**Problem**:
What you return must be the lines of the data that hold the word "False".

Saved data entries:
lemma round_profile_path3:
  assumes "N \<ge> 5"
  shows "round_profile (init_F [path3]) (edgeless N) (path3_plus_edge N) t =
    (if t = 0 then {#(0, 3), (N, N - 3)#} else {#(0, 1), (0, 2), (0, 2), (N, N - 5)#})"
proof -
  have "\<not> ell path3 (edgeless N) v" for v
    by (rule not_ell_edgeless[of _ 0 1]) (simp_all add: path3_def verts_def adj_def path3_adj_def)
  then have init_edgeless: "init_F [path3] (edgeless N) = (\<lambda>_. [False])"
    by (simp add: init_F_def fun_eq_iff)
  have init_path3_plus_edge:
    "init_F [path3] (path3_plus_edge N) = path3_plus_edge_labelling [True] [True] [False] [False]"
    using assms by (auto simp: init_F_def ell_path3_path3_plus_edge path3_plus_edge_labelling_def)
  note profile = round_profile_edgeless_path3_plus_edge[OF assms init_edgeless init_path3_plus_edge]
  show ?thesis
  proof (cases t)
    case 0
    then show ?thesis
      using assms by (simp add: profile)
  next
    case (Suc s)
    have "edge_colour [False] s \<noteq> leaf_colour [True] [True] s"
      by (simp add: edge_colour_ne_leaf_colour)
    with Suc show ?thesis
      by (simp add: profile) (simp add: numeral_2_eq_2)
  qed
qed

lemma feature_sum_plain:
  assumes "N \<ge> 5" "T \<ge> 1"
  shows "feature_sum init_plain (edgeless N) (path3_plus_edge N) T f =
    f (real N) (real N) + (f 0 1 + f 0 4 + f (real N) (real N - 5))
    + (real T - 1) * (f 0 1 + 2 * f 0 2 + f (real N) (real N - 5))"
proof -
  have "feature_sum init_plain (edgeless N) (path3_plus_edge N) T f =
    (\<Sum>t\<le>T. if t = 0 then f (real N) (real N)
      else if t = 1 then f 0 1 + f 0 4 + f (real N) (real N - 5)
      else f 0 1 + 2 * f 0 2 + f (real N) (real N - 5))"
    unfolding feature_sum_def sum_colours_eq_sum_round_profile[where f = "\<lambda>x y. f (real x) (real y)"]
    using assms(1) by (intro sum.cong) (simp_all add: round_profile_plain)
  then show ?thesis
    by (simp add: sum_atMost_if_zero_one[OF assms(2)])
qed

lemma feature_sum_path3:
  assumes "N \<ge> 5"
  shows "feature_sum (init_F [path3]) (edgeless N) (path3_plus_edge N) T f =
    f 0 3 + f (real N) (real N - 3) + real T * (f 0 1 + 2 * f 0 2 + f (real N) (real N - 5))"
proof -
  have "feature_sum (init_F [path3]) (edgeless N) (path3_plus_edge N) T f =
    (\<Sum>t\<le>T. if t = 0 then f 0 3 + f (real N) (real N - 3)
      else f 0 1 + 2 * f 0 2 + f (real N) (real N - 5))"
    unfolding feature_sum_def sum_colours_eq_sum_round_profile[where f = "\<lambda>x y. f (real x) (real y)"]
    using assms by (intro sum.cong) (simp_all add: round_profile_path3)
  then show ?thesis
    by (simp add: sum_atMost_if_zero)
qed

lemma path3_plus_edge_polynomial_ineq:
  fixes N T :: real
  assumes "N \<ge> 11" "T \<ge> 1"
  shows "(N + T * (N - 5))\<^sup>2 * ((N - 3)\<^sup>2 + 9 + T * ((N - 5)\<^sup>2 + 9))
       < (N - 3 + T * (N - 5))\<^sup>2 * (N\<^sup>2 + T * (N - 5)\<^sup>2 + 9 * T + 8)"
proof -
  define x where "x = N - 11"
  define y where "y = T - 1"
  have "x \<ge> 0" "y \<ge> 0"
    using assms by (simp_all add: x_def y_def)
  then have "0 < 2 + 975 * y + 396 * y\<^sup>2 + 292 * x + 548 * x * y + 186 * x * y\<^sup>2
      + 38 * x\<^sup>2 + 59 * x\<^sup>2 * y + 20 * x\<^sup>2 * y\<^sup>2"
    by (simp add: add_pos_nonneg)
  also have "\<dots> = (N - 3 + T * (N - 5))\<^sup>2 * (N\<^sup>2 + T * (N - 5)\<^sup>2 + 9 * T + 8)
      - (N + T * (N - 5))\<^sup>2 * ((N - 3)\<^sup>2 + 9 + T * ((N - 5)\<^sup>2 + 9))"
    by (simp add: x_def y_def algebra_simps power2_eq_square)
  finally show ?thesis
    by simp
qed

lemma wl_dist_path3_less_plain:
  assumes "N \<ge> 11" "T \<ge> 1"
  shows "wl_dist (init_F [path3]) (edgeless N) (path3_plus_edge N) T
       < wl_dist init_plain (edgeless N) (path3_plus_edge N) T"
proof -
  let ?plain = "feature_sum init_plain (edgeless N) (path3_plus_edge N) T"
  let ?path3 = "feature_sum (init_F [path3]) (edgeless N) (path3_plus_edge N) T"
  define sqnorm_G where "sqnorm_G = (real T + 1) * (real N)\<^sup>2"
  define sqnorm_H_plain where "sqnorm_H_plain = (real N)\<^sup>2 + T * (real N - 5)\<^sup>2 + 9 * T + 8"
  define sqnorm_H_path3
    where "sqnorm_H_path3 = (real N - 3)\<^sup>2 + 9 + T * ((real N - 5)\<^sup>2 + 9)"
  have plain: "?plain (\<lambda>x y. x\<^sup>2) = sqnorm_G" "?plain (\<lambda>x y. y\<^sup>2) = sqnorm_H_plain"
    "?plain (\<lambda>x y. x * y) = real N * (real N + T * (real N - 5))"
    using assms by (simp_all add: feature_sum_plain sqnorm_G_def sqnorm_H_plain_def algebra_simps power2_eq_square)
  have path3: "?path3 (\<lambda>x y. x\<^sup>2) = sqnorm_G" "?path3 (\<lambda>x y. y\<^sup>2) = sqnorm_H_path3"
    "?path3 (\<lambda>x y. x * y) = real N * (real N - 3 + T * (real N - 5))"
    using assms by (simp_all add: feature_sum_path3 sqnorm_G_def sqnorm_H_path3_def algebra_simps power2_eq_square)
  have pos: "sqnorm_G > 0" "sqnorm_H_plain > 0" "sqnorm_H_path3 > 0"
    using assms by (simp_all add: sqnorm_G_def sqnorm_H_plain_def sqnorm_H_path3_def add_pos_nonneg)
  have "(real N + T * (real N - 5))\<^sup>2 * sqnorm_H_path3
      < (real N - 3 + T * (real N - 5))\<^sup>2 * sqnorm_H_plain"
    using path3_plus_edge_polynomial_ineq[of "real N" "real T"] assms by (simp add: sqnorm_H_plain_def sqnorm_H_path3_def)
  then have "real N * (real N + T * (real N - 5)) / sqrt (sqnorm_G * sqnorm_H_plain)
      < real N * (real N - 3 + T * (real N - 5)) / sqrt (sqnorm_G * sqnorm_H_path3)"
    using assms pos by (intro divide_sqrt_less_divide_sqrt) (simp_all add: power_mult_distrib)
  then show ?thesis
    using pos by (simp add: wl_dist_eq_cosine plain path3)
qed

theorem proposition14:
  fixes n :: nat
  assumes "n \<ge> 10"
  shows "\<exists>G H F. simple_graph G \<and> simple_graph H \<and> simple_graph F
            \<and> card (verts G) = 2 * n \<and> card (verts H) = 2 * n
            \<and> (\<forall>T::nat. T > 0 \<longrightarrow>
                 wl_dist (init_F [F]) G H T < wl_dist init_plain G H T)"
proof (intro exI conjI allI impI)
  show "simple_graph (edgeless (2 * n))" "simple_graph (path3_plus_edge (2 * n))" "simple_graph path3"
    using assms by (simp_all add: simple_graph_edgeless simple_graph_path3_plus_edge simple_graph_path3)
  show "card (verts (edgeless (2 * n))) = 2 * n" "card (verts (path3_plus_edge (2 * n))) = 2 * n"
    by (simp_all add: edgeless_def path3_plus_edge_def verts_def)
  fix T :: nat
  assume "T > 0"
  with assms show "wl_dist (init_F [path3]) (edgeless (2 * n)) (path3_plus_edge (2 * n)) T
      < wl_dist init_plain (edgeless (2 * n)) (path3_plus_edge (2 * n)) T"
    by (intro wl_dist_path3_less_plain) simp_all
qed

end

**Your response**:
  then have init_edgeless: "init_F [path3] (edgeless N) = (\<lambda>_. [False])"
    "init_F [path3] (path3_plus_edge N) = path3_plus_edge_labelling [True] [True] [False] [False]"
    have "edge_colour [False] s \<noteq> leaf_colour [True] [True] s"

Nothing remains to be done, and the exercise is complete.